I’ll try and be short. I started seeing someone 4 months ago. At the time she said she had separated in Jan, it subsequently can out she had ‘finally’ separated a week before we met.

There were some things we rushed into, like introducing our kids, who all get along amazingly. And others, like meeting friends which she has strongly resisted.

Anyway, she has always made time for us, until the last few weeks. Now whenever there is a calendar conflict I get cancelled on, although she calls it rescheduling - but no dates end up being put in the calendar and there is always an excuse as to why no dates are forthcoming.

We have had some rows about it as well as some adult conversations. But nothing has changed.

She says I am being unreasonable - as we spend 2 or 3 nights in each other’s company. Which is me going to her place and waiting while she puts the kids to bed.

I just don’t understand why I’m the one who always get rescheduled. I’ve tried talking to her, but she gets defensive and aggressive and says things like she doesn’t know if the relationship will work rather than discussing the issue.

Any insights appreciated?

OP posts:
MilkTwoSugarsThanks · 03/10/2019 14:22

4 months? Cut & run.

Whatsnewpussyhat · 03/10/2019 14:25

Probably shagging the ex. Stupid to introduce kids so soon.

Call it quits and move on

ThatssomebadhatHarry · 03/10/2019 14:28

gets defensive and aggressive

This is more than enough to move on.

TheMustressMhor · 03/10/2019 14:32

Sorry, OP. In the nicest possible way it doesn't seem as though she's as keen on you as you are on her.

Probably time to call it a day.

Hairyhat · 03/10/2019 14:38

Maybe she's putting her children first? Maybe in this early stage of the relationship she feels she sees you enough?
I'm not sure but if it seems unfair and that you're always last in line, perhaps you're incompatible?

Countrylifeornot · 03/10/2019 14:43

She's just not that into you, you're a rebound relationship to save her being alone.
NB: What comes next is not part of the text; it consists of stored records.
lemma rem_sol_near_q:
  assumes "0 < \<epsilon>" and "s' \<le> s"
  shows "norm (rem_sol \<sigma> \<epsilon> s' s - (0, q \<sigma> s' s))
    \<le> 1 + integral {s'..s} (\<lambda>t. \<theta> t * cmod (q \<sigma> s' t) + cmod (q' \<sigma> s' t))"
proof -
  define p where "p = rem_sol \<sigma> \<epsilon> s'"
  define u where "u t = p t - (0, q \<sigma> s' t)" for t
  define u' where "u' t = rem_lin \<epsilon> t (u t) + (- (\<theta> t * Re (q \<sigma> s' t)), - q' \<sigma> s' t)" for t
  define h where "h t = \<theta> t * cmod (q \<sigma> s' t) + cmod (q' \<sigma> s' t)" for t
  have ode: "rem_ode \<sigma> \<epsilon> s' p"
    unfolding p_def by (rule rem_sol_ode[OF assms(1)])
  have "(u has_vector_derivative u' t) (at t within {s'..})" if t: "s' \<le> t" for t
  proof -
    have "rem_lin \<epsilon> t (p t) + (0, rem_forcing \<sigma> \<epsilon> s' t) - (0, q' \<sigma> s' t) = u' t"
      using q_cancels_forcing[OF assms(1), of t \<sigma> s']
      by (simp add: u'_def u_def rem_lin_def algebra_simps prod_eq_iff)
    moreover have "(p has_vector_derivative rem_lin \<epsilon> t (p t) + (0, rem_forcing \<sigma> \<epsilon> s' t)) (at t within {s'..})"
      using ode t by (simp add: rem_ode_def)
    ultimately show ?thesis
      unfolding u_def[abs_def] using t by (auto intro!: derivative_eq_intros q_has_vector_derivative)
  qed
  moreover have "continuous_on {s'..} h"
    unfolding h_def by (intro continuous_intros continuous_on_subset[OF \<theta>_cont] q_cont q'_cont subset_UNIV)
  moreover have "inner (u t) (u' t) \<le> norm (u t) * h t" if "s' \<le> t" for t
  proof -
    have "inner (u t) (u' t) \<le> inner (u t) (- (\<theta> t * Re (q \<sigma> s' t)), - q' \<sigma> s' t)"
      using inner_rem_lin_nonpos[OF assms(1), of "u t" t] by (simp add: u'_def inner_add_right)
    also have "\<dots> \<le> norm (u t) * norm (- (\<theta> t * Re (q \<sigma> s' t)), - q' \<sigma> s' t)"
      by (rule norm_cauchy_schwarz)
    also have "\<dots> \<le> norm (u t) * h t"
    proof (rule mult_left_mono[OF _ norm_ge_zero])
      have "norm (- (\<theta> t * Re (q \<sigma> s' t)), - q' \<sigma> s' t) \<le> \<theta> t * \<bar>Re (q \<sigma> s' t)\<bar> + cmod (q' \<sigma> s' t)"
        using norm_Pair_le[of "- (\<theta> t * Re (q \<sigma> s' t))" "- q' \<sigma> s' t"] \<theta>_nonneg[of t] by (simp add: abs_mult)
      also have "\<dots> \<le> h t"
        unfolding h_def using mult_left_mono[OF abs_Re_le_cmod \<theta>_nonneg] by simp
      finally show "norm (- (\<theta> t * Re (q \<sigma> s' t)), - q' \<sigma> s' t) \<le> h t" .
    qed
    finally show ?thesis .
  qed
  ultimately have "sqrt (1 + (norm (u s))\<^sup>2) \<le> sqrt (1 + (norm (u s'))\<^sup>2) + integral {s'..s} h"
    using \<theta>_nonneg assms(2) by (intro sqrt_one_plus_norm_sq_le) (auto simp: h_def)
  moreover have "u s' = 0"
    using ode by (simp add: u_def rem_ode_def)
  moreover have "norm (u s) \<le> sqrt (1 + (norm (u s))\<^sup>2)"
    by (simp add: real_le_rsqrt)
  ultimately show ?thesis
    by (simp add: u_def p_def h_def[abs_def])
qed

lemma damping_ratio_bounds: "0 \<le> \<gamma> s / (1 + (\<gamma> s)\<^sup>2) \<and> \<gamma> s / (1 + (\<gamma> s)\<^sup>2) \<le> 1 / 2"
proof -
  have "2 * \<gamma> s \<le> 1 + (\<gamma> s)\<^sup>2"
    using zero_le_power2[of "1 - \<gamma> s"] by (simp add: power2_diff)
  then show ?thesis
    using gamma_nonneg[of s] by (simp add: field_simps add_pos_nonneg)
qed

lemma j_le: "j s \<le> 4 / g ^ 3 * (w s)\<^sup>2"
proof -
  have "j s = \<gamma> s / (1 + (\<gamma> s)\<^sup>2) * (w s ^ 3 * (w s)\<^sup>2)"
    by (simp add: j_eq flip: power_add)
  also have "\<dots> \<le> 1 / 2 * ((2 / g) ^ 3 * (w s)\<^sup>2)"
    using damping_ratio_bounds[of s] w_power_le[of s 3] w_pos[of s] g_pos by (intro mult_mono) auto
  finally show ?thesis
    by (simp add: power_divide)
qed

lemma J_bounds: "s' \<le> s \<Longrightarrow> 0 \<le> J s' s \<and> J s' s \<le> 16 * pi / g ^ 4"
proof
  assume s: "s' \<le> s"
  have j_cont': "continuous_on {s'..s} j"
    by (rule continuous_on_subset[OF j_cont]) auto
  show "0 \<le> J s' s"
    unfolding J_def using gamma_nonneg es_pos
    by (intro integral_nonneg integrable_continuous_real j_cont') (simp add: j_def less_imp_le)
  have "J s' s \<le> 4 / g ^ 3 * (4 * pi / g)"
    unfolding J_def using g_pos by (intro integral_le_w_sq s j_cont' j_le) auto
  then show "J s' s \<le> 16 * pi / g ^ 4"
    by (simp add: power_eq_if)
qed

text \<open>Factoring \<open>w\<^sup>2\<close> out of \<open>q\<close> and \<open>q'\<close> leaves polynomials in quantities that range over a compact
  set as long as \<open>\<gamma>'\<close> and \<open>\<gamma>''\<close> are bounded.\<close>
definition q_args :: "real \<Rightarrow> real \<Rightarrow> complex \<times> real \<times> real \<times> real \<times> real \<times> real \<times> real" where
  "q_args s' s = (\<kappa> s, \<gamma>' s, \<gamma>'' s, s * w s, w s, J s' s, \<gamma> s / (1 + (\<gamma> s)\<^sup>2))"

definition q_poly :: "real \<Rightarrow> complex \<times> real \<times> real \<times> real \<times> real \<times> real \<times> real \<Rightarrow> complex" where
  "q_poly \<sigma> = (\<lambda>(k, d1, d2, x, v, I, r). of_real (\<sigma> * g / 32) *
     (of_real (d1 * v\<^sup>2) * k ^ 3 + of_real (3/4 * x * v ^ 3) * k\<^sup>2 - of_real (g\<^sup>2/16 * v * I) * k))"

definition q'_poly :: "real \<Rightarrow> complex \<times> real \<times> real \<times> real \<times> real \<times> real \<times> real \<Rightarrow> complex" where
  "q'_poly \<sigma> = (\<lambda>(k, d1, d2, x, v, I, r). of_real (\<sigma> * g / 32) *
     (of_real (d2 * v\<^sup>2) * k ^ 3 - of_real (3 * d1\<^sup>2 * v\<^sup>2) * k ^ 4 - of_real (5/2 * x * d1 * v ^ 3) * k ^ 3
      + of_real (3/4 * v ^ 4) * k\<^sup>2 - of_real (9/8 * x\<^sup>2 * v ^ 4) * k\<^sup>2 + of_real (g\<^sup>2/16 * d1 * v * I) * k\<^sup>2
      + of_real (3 * g\<^sup>2/64 * x * v\<^sup>2 * I) * k - of_real (g\<^sup>2/16 * v ^ 6 * r) * k))"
SherbetSaucer · 03/10/2019 15:19

Four months and the kids have already been introduced?? Big NO!! The reason you don’t introduce kids so early is to prevent their involvement in a break up such as the one that you’re imminently facing! Try and be more responsible next time!

KUGA · 03/10/2019 15:19

yep.move on.

CAG12 · 03/10/2019 15:39

Time to move on I think. Sorry, seems like you invested a lot into this quite early on, but sounds like that type of fast and furious relationship that burns out quickly

Livelovebehappy · 03/10/2019 15:39

Cancelling happens when you’re a single parent relying on child care. She probably has a lot of stuff happening behind the scenes if the breakup has been recent, and is getting stressed and angry with you because she feels you’re putting pressure on her amongst everything else. Just give her a bit more space to sort her life out or you risk pushing her away.

Aquamarine1029 · 03/10/2019 15:44

Too much hard work and headache for such a new relationship. Don't be daft. Bin her off.